Больше всего на свете хочется к тебе. Если уедешь куда, не видясь со мной, будешь плохая.
Пиши, детанька.
Целую тебя, милый, добрый, хороший.
Твой Володя.
В этом больше никого не целую и никому не кланяюсь — это из цикла «тебе, Лиля». Как рад был поставить на «Человеке» «тебе, Лиля»*!
Брик Л. Ю., март 1918*
41 Л. Ю. БРИК [Москва, конец марта 1918 г.]
Дорогой и необыкновенный Лиленок!
Не болей ты, христа ради! Если Оська не будет смотреть за тобой и развозить твои легкие (на этом месте пришлось остановиться и лезть к тебе в письмо, чтоб узнать, как пишется: я хотел «лехкия») куда следует, то я привезу к вам в квартиру хвойный лес и буду устраивать в оськином кабинете море по собственному моему усмотрению. Если же твой градусник будет лазить дальше, чем тридцать шесть градусов, то я ему обломаю все лапы.
Впрочем, фантазии о приезде к тебе объясняются моей общей мечтательностью. Если дела мои, нервы и здоровье будут идти так же, то твой щененок свалится под забором животом вверх и, слабо подрыгав ножками, отдаст богу свою незлобивую душу.
Если же случится чудо, то недели через две буду у тебя!
Картину кинемо кончаю*. Еду сейчас примерять в павильоне фрейлиховские штаны*. В последнем акте я денди.
Стихов не пишу, хотя и хочется очень написать что-нибудь прочувствованное про лошадь*.
На лето хотелось бы сняться с тобой в кино*. Сделал бы для тебя сценарий.
Этот план я разовью по приезде. Почему-то уверен в твоем согласии. Не болей. Пиши. Люблю тебя, солнышко мое милое и теплое.
Целую Оську.
Обнимаю тебя до хруста костей.
Твой Володя.
P. S. (Красиво, а?) Прости, что пишу на такой изысканной бумаге. Она из «Питореска»*, а им без изысканности нельзя никак.

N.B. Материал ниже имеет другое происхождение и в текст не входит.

(* Let $\mathcal{F}=(\mathcal{F}_1,\dots,\mathcal{F}_k)$ be a generalized Galois flag of type $(s_1,\dots,s_k)$ on $\mathbb{F}_{q^n}$ with underlying Galois subflag $(\mathbb{F}_{q^{t_1}},\dots,\mathbb{F}_{q^{t_r}})$, let $\beta\in\mathbb{F}_{q^n}^\ast$ and $i\in\{1,\dots,r\}$. Then: (1) If $\beta\in\mathbb{F}_{q^{t_i}}^\ast$, then $d_S(\mathcal{F}_l,\mathcal{F}_l\beta)=0$ for every $l$ with $s_l\in\{t_i,\dots,t_r\}$. (2) If $\beta\notin\mathbb{F}_{q^{t_i}}^\ast$, then $d_S(\mathcal{F}_l,\mathcal{F}_l\beta)=2s_l$ for every $l$ with $s_l\le t_i$.
   Context: $q$ is a prime power, $\mathbb{F}_{q^n}$ is an $n$-dimensional $\mathbb{F}_q$-vector space; subspaces are $\mathbb{F}_q$-subspaces; $d_S(\mathcal{U},\mathcal{V})=\dim(\mathcal{U}+\mathcal{V})-\dim(\mathcal{U}\cap\mathcal{V})$. A flag is a chain $\{0\}\subsetneq\mathcal{F}_1\subsetneq\cdots\subsetneq\mathcal{F}_k\subsetneq\mathbb{F}_{q^n}$ of type $(\dim\mathcal{F}_1,\dots,\dim\mathcal{F}_k)$; a subflag is a flag whose subspaces all appear in the given flag. For divisors $t_1<\dots<t_r<n$ of $n$ with $t_i\mid t_{i+1}$, the Galois flag of type $(t_1,\dots,t_r)$ is $(\mathbb{F}_{q^{t_1}},\dots,\mathbb{F}_{q^{t_r}})$. A flag $\mathcal{F}$ of type $(s_1,\dots,s_k)$ generalizes the Galois flag of type $(t_1,\dots,t_r)$ if $\{t_1,\dots,t_r\}\subsetneq\{s_1,\dots,s_k\}$, the subflag of $\mathcal{F}$ of type $(t_1,\dots,t_r)$ is that Galois flag, and at least one subspace of $\mathcal{F}$ is not a subfield; such $\mathcal{F}$ is a generalized Galois flag. Its underlying Galois subflag is its longest Galois subflag (the subflag formed by all its subspaces that are subfields of $\mathbb{F}_{q^n}$). *)

theory Defs
  imports "HOL-Algebra.Embedded_Algebras"
begin

text \<open>F_{q^n} is modelled as a finite field R; F_q is a subfield K of R (q = card K);
  subspaces are K-subspaces of R (library notion subalgebra K V R, i.e. an additive
  subgroup closed under multiplication by K); dimensions are ring.dim R K.\<close>

definition subspace_dist :: "('a, 'b) ring_scheme \<Rightarrow> 'a set \<Rightarrow> 'a set \<Rightarrow> 'a set \<Rightarrow> nat" where
  "subspace_dist R K U V = ring.dim R K (U <+>\<^bsub>R\<^esub> V) - ring.dim R K (U \<inter> V)"

definition scal_mult :: "('a, 'b) ring_scheme \<Rightarrow> 'a set \<Rightarrow> 'a \<Rightarrow> 'a set" where
  "scal_mult R U \<beta> = (\<lambda>u. u \<otimes>\<^bsub>R\<^esub> \<beta>) ` U"

text \<open>The subfield F_{q^t} of R, i.e. the set of roots of X^(q^t) - X in R.\<close>
definition GF_sub :: "('a, 'b) ring_scheme \<Rightarrow> nat \<Rightarrow> nat \<Rightarrow> 'a set" where
  "GF_sub R q t = {x \<in> carrier R. x [^]\<^bsub>R\<^esub> (q ^ t) = x}"

definition is_flag :: "('a, 'b) ring_scheme \<Rightarrow> 'a set \<Rightarrow> nat \<Rightarrow> (nat \<Rightarrow> 'a set) \<Rightarrow> bool" where
  "is_flag R K k F \<longleftrightarrow> 1 \<le> k \<and> (\<forall>l\<in>{1..k}. subalgebra K (F l) R)
     \<and> {\<zero>\<^bsub>R\<^esub>} \<subset> F 1 \<and> (\<forall>l\<in>{1..<k}. F l \<subset> F (Suc l)) \<and> F k \<subset> carrier R"

definition flag_type :: "('a, 'b) ring_scheme \<Rightarrow> 'a set \<Rightarrow> (nat \<Rightarrow> 'a set) \<Rightarrow> nat \<Rightarrow> nat" where
  "flag_type R K F l = ring.dim R K (F l)"

definition galois_type :: "nat \<Rightarrow> nat \<Rightarrow> (nat \<Rightarrow> nat) \<Rightarrow> bool" where
  "galois_type n r t \<longleftrightarrow> 1 \<le> r \<and> (\<forall>j\<in>{1..r}. 0 < t j \<and> t j dvd n)
     \<and> (\<forall>j\<in>{1..<r}. t j < t (Suc j) \<and> t j dvd t (Suc j)) \<and> t r < n"

definition generalizes_galois :: "('a, 'b) ring_scheme \<Rightarrow> 'a set \<Rightarrow> nat \<Rightarrow> nat \<Rightarrow> (nat \<Rightarrow> 'a set)
     \<Rightarrow> nat \<Rightarrow> (nat \<Rightarrow> nat) \<Rightarrow> bool" where
  "generalizes_galois R K n k F r t \<longleftrightarrow> is_flag R K k F \<and> galois_type n r t
     \<and> t ` {1..r} \<subset> flag_type R K F ` {1..k}
     \<and> (\<forall>j\<in>{1..r}. \<forall>l\<in>{1..k}. flag_type R K F l = t j \<longrightarrow> F l = GF_sub R (card K) (t j))
     \<and> (\<exists>l\<in>{1..k}. \<not> subfield (F l) R)"

text \<open>Underlying Galois subflag of F is the Galois flag of type t: the subspaces of F
  that are subfields are exactly those of dimension t_1,...,t_r.\<close>
definition underlying_galois :: "('a, 'b) ring_scheme \<Rightarrow> 'a set \<Rightarrow> nat \<Rightarrow> (nat \<Rightarrow> 'a set)
     \<Rightarrow> nat \<Rightarrow> (nat \<Rightarrow> nat) \<Rightarrow> bool" where
  "underlying_galois R K k F r t \<longleftrightarrow>
     (\<forall>l\<in>{1..k}. subfield (F l) R \<longleftrightarrow> flag_type R K F l \<in> t ` {1..r})"

end

theory Submission imports Defs begin

text \<open>Multiplication by \<open>\<beta> \<noteq> 0\<close> is an injective \<open>K\<close>-linear map, so \<open>U\<beta>\<close> has the
  dimension of \<open>U\<close>. If \<open>\<beta>\<close> lies in \<open>GF(q^t\<^sub>i)\<close> and \<open>F\<^sub>l = GF(q^t\<^sub>j)\<close> with \<open>t\<^sub>i | t\<^sub>j\<close>,
  this map permutes the finite field \<open>F\<^sub>l\<close>, so \<open>F\<^sub>l\<beta> = F\<^sub>l\<close>. If \<open>\<beta> \<notin> GF(q^t\<^sub>i)\<close>, every
  \<open>F\<^sub>l\<close> of dimension at most \<open>t\<^sub>i\<close> lies inside \<open>GF(q^t\<^sub>i)\<close> because the flag is a chain, and
  \<open>u\<beta> \<in> GF(q^t\<^sub>i)\<close> for some \<open>0 \<noteq> u \<in> GF(q^t\<^sub>i)\<close> would force \<open>\<beta> \<in> GF(q^t\<^sub>i)\<close>;
  hence \<open>F\<^sub>l \<inter> F\<^sub>l\<beta> = 0\<close> and \<open>F\<^sub>l + F\<^sub>l\<beta>\<close> is direct of dimension \<open>2 s\<^sub>l\<close>.\<close>

lemma (in cring) line_extension_mult_image:
  assumes "K \<subseteq> carrier R" "E \<subseteq> carrier R" "v \<in> carrier R" "\<beta> \<in> carrier R"
  shows "(\<lambda>u. u \<otimes> \<beta>) ` line_extension K v E = line_extension K (v \<otimes> \<beta>) ((\<lambda>u. u \<otimes> \<beta>) ` E)"
proof -
  have distr: "(k \<otimes> v \<oplus> e) \<otimes> \<beta> = k \<otimes> (v \<otimes> \<beta>) \<oplus> e \<otimes> \<beta>" if "k \<in> K" "e \<in> E" for k e
    using that assms by (simp add: l_distr m_assoc subsetD)
  show ?thesis
  proof (intro equalityI subsetI)
    fix x assume "x \<in> (\<lambda>u. u \<otimes> \<beta>) ` line_extension K v E"
    then obtain k e where "k \<in> K" "e \<in> E" "x = (k \<otimes> v \<oplus> e) \<otimes> \<beta>"
      using line_extension_mem_iff by auto
    then show "x \<in> line_extension K (v \<otimes> \<beta>) ((\<lambda>u. u \<otimes> \<beta>) ` E)"
      unfolding line_extension_mem_iff using distr by blast
  next
    fix x assume "x \<in> line_extension K (v \<otimes> \<beta>) ((\<lambda>u. u \<otimes> \<beta>) ` E)"
    then obtain k e where ke: "k \<in> K" "e \<in> E" "x = k \<otimes> (v \<otimes> \<beta>) \<oplus> e \<otimes> \<beta>"
      using line_extension_mem_iff by auto
    then have "x = (k \<otimes> v \<oplus> e) \<otimes> \<beta>" using distr by simp
    moreover have "k \<otimes> v \<oplus> e \<in> line_extension K v E"
      using ke line_extension_mem_iff by auto
    ultimately show "x \<in> (\<lambda>u. u \<otimes> \<beta>) ` line_extension K v E" by blast
  qed
qed

lemma (in domain) dimension_mult_image:
  assumes K: "subfield K R" and E: "dimension n K E" and \<beta>: "\<beta> \<in> carrier R" "\<beta> \<noteq> \<zero>"
  shows "dimension n K ((\<lambda>u. u \<otimes> \<beta>) ` E)"
  using E K
proof (induction rule: dimension.induct)
  case zero_dim
  then show ?case using \<beta> by auto
next
  case (Suc_dim v E n K)
  have E_carrier: "E \<subseteq> carrier R"
    using space_subgroup_props(1)[OF Suc_dim.prems Suc_dim.hyps(3)] .
  have "v \<otimes> \<beta> \<notin> (\<lambda>u. u \<otimes> \<beta>) ` E"
    using Suc_dim.hyps(1,2) E_carrier m_rcancel[OF \<beta>(2,1)] by blast
  then have "dimension (Suc n) K (line_extension K (v \<otimes> \<beta>) ((\<lambda>u. u \<otimes> \<beta>) ` E))"
    using Suc_dim \<beta> by (intro dimension.Suc_dim) auto
  then show ?case
    using line_extension_mult_image[OF subring_props(1)[OF Suc_dim.prems] E_carrier
        Suc_dim.hyps(1) \<beta>(1)]
    by simp
qed

lemma (in ring) dim_strict_mono:
  assumes K: "subfield K R" and V: "finite_dimension K V" and U: "subalgebra K U R"
    and UV: "U \<subset> V"
  shows "dim K U < dim K V"
proof -
  have "finite_dimension K U"
    using subalbegra_incl_imp_finite_dimension[OF K V U] UV by auto
  then have dU: "dimension (dim K U) K U" and dV: "dimension (dim K V) K V"
    using finite_dimensionE[OF K] V by (simp_all add: over_def)
  obtain Us where Us: "set Us \<subseteq> carrier R" "independent K Us" "length Us = dim K U"
      "Span K Us = U"
    using exists_base[OF K dU] by blast
  have Us_V: "set Us \<subseteq> V"
    using Span_base_incl[OF K Us(1)] Us(4) UV by auto
  have "length Us \<le> dim K V"
    using independent_length_le_dimension[OF K dV Us(2) Us_V] .
  moreover have "length Us \<noteq> dim K V"
    using independent_length_eq_dimension[OF K dV Us(2) Us_V] Us(4) UV by auto
  ultimately show ?thesis using Us(3) by simp
qed

lemma (in monoid) nat_pow_fixed_iterate:
  assumes "x \<in> carrier G" "x [^] (m::nat) = x"
  shows "x [^] (m ^ c) = x"
proof (induction c)
  case (Suc c)
  have "x [^] (m ^ Suc c) = (x [^] (m ^ c)) [^] m"
    using assms by (simp add: nat_pow_pow mult.commute)
  with Suc assms show ?case by simp
qed (use assms in simp)

lemma (in ring) GF_sub_mono:
  assumes "a dvd b"
  shows "GF_sub R q a \<subseteq> GF_sub R q b"
proof
  fix x assume x: "x \<in> GF_sub R q a"
  obtain c where "b = a * c" using assms by blast
  then show "x \<in> GF_sub R q b"
    using x nat_pow_fixed_iterate[of x "q ^ a" c] unfolding GF_sub_def by (simp add: power_mult)
qed

lemma (in cring) GF_sub_mult_closed:
  assumes "x \<in> GF_sub R q t" "y \<in> GF_sub R q t"
  shows "x \<otimes> y \<in> GF_sub R q t"
  using assms unfolding GF_sub_def by (auto simp: nat_pow_distrib)

lemma (in domain) GF_sub_mult_cancel:
  assumes "u \<in> GF_sub R q t" "u \<noteq> \<zero>" "u \<otimes> \<beta> \<in> GF_sub R q t" "\<beta> \<in> carrier R"
  shows "\<beta> \<in> GF_sub R q t"
proof -
  have u: "u \<in> carrier R" "u [^] (q ^ t) = u" using assms(1) by (auto simp: GF_sub_def)
  have "u \<otimes> \<beta> [^] (q ^ t) = u \<otimes> \<beta>"
    using assms(3,4) u by (auto simp: GF_sub_def nat_pow_distrib)
  then show ?thesis
    using m_lcancel[OF assms(2) u(1)] assms(4) by (simp add: GF_sub_def)
qed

Хорошо еще, что у них в уборной кубизма не развели, а то б намучился.
Маяковской О. В., 15 июля 1918*
42 О. В. МАЯКОВСКОЙ [Левашово, 15 июля 1918 г.]
Милая и дорогая Оличка!
Дуешься ты зря. Дело в следующем. Я живу не в Питере, а в деревне, за 50 верст. Когда я получил твое первое письмо, я потелефонил бриковской прислуге, чтоб она немедленно отослала тебе деньги, зная, что это к спеху, а значит, и не мог сам написать ничего на переводе при всем своем желании. При первой же оказии хотел послать вам письмо, но теперь от нас в город никто не ездит, не езжу и я, потому что в Питере холера страшная. Сегодня случайно получил твое письмо (приехали ко мне на именины) и отвечаю сейчас же. Из всего из этого можно умозаключить, что свинья ты, а не я, потому что злишься ты.
Поздравляю тебя, киса, с рождением и ангелом. Желаю вам пожить на даче и отдохнуть.
Я живу хорошо.
Пишите про себя.
Страшно целую мамочку, Людочку и тебя.
Ваш Володя.
15 июля 1918 г. Левашово.
Пишите на прежний адрес Брикам. Сюда письма совсем не доходят.
Меня до того тут опаивают молоком (стаканов шесть ежедневно), что если у меня вырастет вымя, скажи маме, чтоб не удивлялась.
Центральной комиссии по устройству Октябрьских торжеств, 10–12 октября 1918*
43 ЦЕНТРАЛЬНОЙ КОМИССИИ ПО УСТРОЙСТВУ ОКТЯБРЬСКИХ ТОРЖЕСТВ [Москва, 10–12 октября 1918 г.]
Центральной комиссии по устройству Октябрьских торжеств
Краткое изложение моей «Мистерии-буфф» и мотивов, требующих ее постановки в дни Октябрьских торжеств.